Most days, I feel as though I’m floundering from task to task on my to-do list, knowing each is important somewhere in the grand scheme of things, but still feeling unfulfilled and unsettled because despite knowing that all of it matters somewhere, it doesn’t feel like any of it is worthwhile and I find myself feeling resentful of everything. It’s like a never-ending game of “Wipeout” in which there is no winner.

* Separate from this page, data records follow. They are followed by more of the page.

lemma minimal_elem_height_le:
  assumes min: "minimal_elem A v \<pi> (\<alpha>, M)"
  shows "real_of_int M \<le> measure lebesgue (convex hull (rvec ` A)) * fact CARD('d) - 1"
proof (rule ccontr)
  assume too_high: "\<not> ?thesis"
  define h where "h = nat M"
  have q: "(\<alpha>, M) \<in> coneA A"
    using min by (simp add: minimal_elem_def S_pi_def)
  then have M: "M = int h"
    using coneA_height_nonneg[OF q] by (simp add: h_def)
  then obtain P where P: "P 0 = 0" "P h = (\<alpha>, M)" "\<forall>k\<le>h. snd (P k) = int k"
    "\<forall>j k. j \<le> k \<longrightarrow> k \<le> h \<longrightarrow> P k - P j \<in> coneA A"
    using coneA_lattice_path[OF finite_A q] by auto
  have "inj_on P {..h}"
    using P(3) by (intro inj_onI) (metis atMost_iff of_nat_eq_iff)
  moreover have "fact CARD('d) * measure lebesgue (convex hull (rvec ` v ` {1..CARD('d)+1})) < real (Suc h)"
    using too_high M convex_hull_A by (simp add: mult.commute)
  ultimately obtain j k where jk: "j < k" "k \<le> h" and "P k - P j \<in> lattice_of v"
    using exists_congruent_pair by blast
  moreover have "P k - P j \<in> coneA A"
    using P(4) jk by simp
  moreover have "snd (P k - P j) > 0"
    using P(3) jk by simp
  ultimately obtain i where i: "i \<in> {1..CARD('d)+1}" and "P k - P j - lift (v i) \<in> coneA A"
    using coneA_lattice_minus_vertex by blast
  moreover have "P h - P k \<in> coneA A" "P j - P 0 \<in> coneA A"
    using P(4) jk by auto
  moreover have "(\<alpha>, M) - lift (v i) = (P h - P k) + (P j - P 0) + (P k - P j - lift (v i))"
    using P(1,2) by simp
  ultimately have "(\<alpha>, M) - lift (v i) \<in> coneA A"
    by (simp only: coneA_add)
  then show False
    using min i by (simp add: minimal_elem_def)
qed

end

theorem lemma3p1:
  fixes A :: "(int^'d) set" and v :: "nat \<Rightarrow> int^'d" and \<pi> :: "(int^'d) \<times> int"
  assumes "finite A"
    and "int_span (diffset A) = UNIV"
    and "inj_on v {1..CARD('d)+1}"
    and "\<not> affine_dependent (rvec ` v ` {1..CARD('d)+1})"
    and "convex hull (rvec ` A) = convex hull (rvec ` v ` {1..CARD('d)+1})"
  shows "(\<forall>\<alpha> M. minimal_elem A v \<pi> (\<alpha>, M) \<longrightarrow>
            real_of_int M \<le> measure lebesgue (convex hull (rvec ` A)) * fact CARD('d) - 1)
         \<and> finite {p. minimal_elem A v \<pi> p}"
proof -
  obtain e :: "'d \<Rightarrow> nat" where "bij_betw e UNIV {1..CARD('d)}"
    using finite_same_card_bij[of "UNIV :: 'd set" "{1..CARD('d)}"] by auto
  then interpret lattice_simplex_cover v e A
    using assms by unfold_locales
  define D where "D = measure lebesgue (convex hull (rvec ` A)) * fact CARD('d)"
  have bound: "real_of_int M \<le> D - 1" if "minimal_elem A v \<pi> (\<alpha>, M)" for \<alpha> M
    using minimal_elem_height_le[OF that] by (simp add: D_def)
  have "{p. minimal_elem A v \<pi> p} \<subseteq> {p \<in> coneA A. snd p \<le> \<lceil>D\<rceil>}"
  proof clarify
    fix \<alpha> M assume "minimal_elem A v \<pi> (\<alpha>, M)"
    moreover have "real_of_int M \<le> real_of_int \<lceil>D\<rceil>"
      using bound[OF calculation] le_of_int_ceiling[of D] by linarith
    ultimately show "(\<alpha>, M) \<in> coneA A \<and> snd (\<alpha>, M) \<le> \<lceil>D\<rceil>"
      by (simp add: minimal_elem_def S_pi_def)
  qed
  then have "finite {p. minimal_elem A v \<pi> p}"
    by (rule finite_subset) (rule finite_coneA_height_le[OF assms(1)])
  then show ?thesis
    using bound by (simp add: D_def)
qed

end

This whole pandemic has been incredibly difficult because so much of it has simply been survival, jumping through obstacles to get through each day, each week, each month, and ending each day, week, and month deflated because goals and ideas have to be tabled in order to make room for the support of survival. So much of it has been taking on tasks and projects to ease burdens, fixing problems, figuring out how to overcome the seemingly endless roadblocks that get in the way, listening to others share their thoughts on all kinds of topics, all of it sounding like criticism even when it isn’t meant to.
And some days, despite the ever expanding to-do list of little tasks and checkboxes without checks in them, feelings of resentment and hopelessness, my bucket is filled by people who share the things that bring me joy, hope, and purpose and who share a piece of what I want my career to look like because it does make up a huge part who I am and my place in the world.
When I became a teacher, I was certain that I would remain in the classroom and had mixed feelings when I found that I wanted to do more and “more” would require me to give up my safe space where I had some semblance of control and felt confident (most of the time). I found that the “more” I sought would require being uncomfortable and unsure of myself, my knowledge, and my abilities.
I cannot afford another Master’s degree or a Ph.D. and I don’t know that either one would provide the growth I seek–the first Master’s degree certainly didn’t. I don’t enjoy formal research, nor am I eager to get bogged down in the endless stream of district level meetings, paperwork, school law, or waivers. I don’t want to be a principal when I grow up. This is as close to “admin” as I want to get, to be quite honest. And while I worry as I see so many friends who began their teaching careers around the same time as I did working toward administrator licensure that I am somehow behind and not heading in the right direction, I know that I would not be happy in a fully administrative position.
I get the opportunity to work on some level with several education-based organizations whose missions I truly believe in. Sadly, none of this work will pay a mortgage or buy food for furs who refuse to get jobs. Much of this work is far outside my comfort zone and challenges me to learn and grow in my knowledge of all that is Gifted.
I don’t claim to be an expert in gifted education and I never have–there’s so much to learn, I probably never will be an expert. Statistics and research studies don’t roll off my tongue in conversation about gifted education, but after serving and working alongside these kids for the past 15 years, I can tell you that they need advocates. They need someone who will stand next to them with guiding questions and encouragement while they try the things that make them uncomfortable, the things that aren’t typical, the things that don’t fit neatly into a Google form. They need someone who will go head to head with a colleague and say, “THIS is what she needs.” They need people who will “go to the mattresses” and fight for outside-the-box thinking to help a floundering gifted student. They need people who will provide support to educators serving them and preach challenging the process rather than quiet compliance from the rooftops. Gifted kids need something *different*in their educational experience, and doing the same thing as everyone else isn’t different enough.
Gifted kids need advocates who will focus on what’s most important, learning and growth, not checkboxes, to-do lists, and activities to prove they can regurgitate information. They need a cheering section when they take a risk and then hit an obstacle and wipeout, encouraging them to get out of the water and try again because that’s when the learning happens. And that is where I need to be, with others who will be their advocates and cheering section.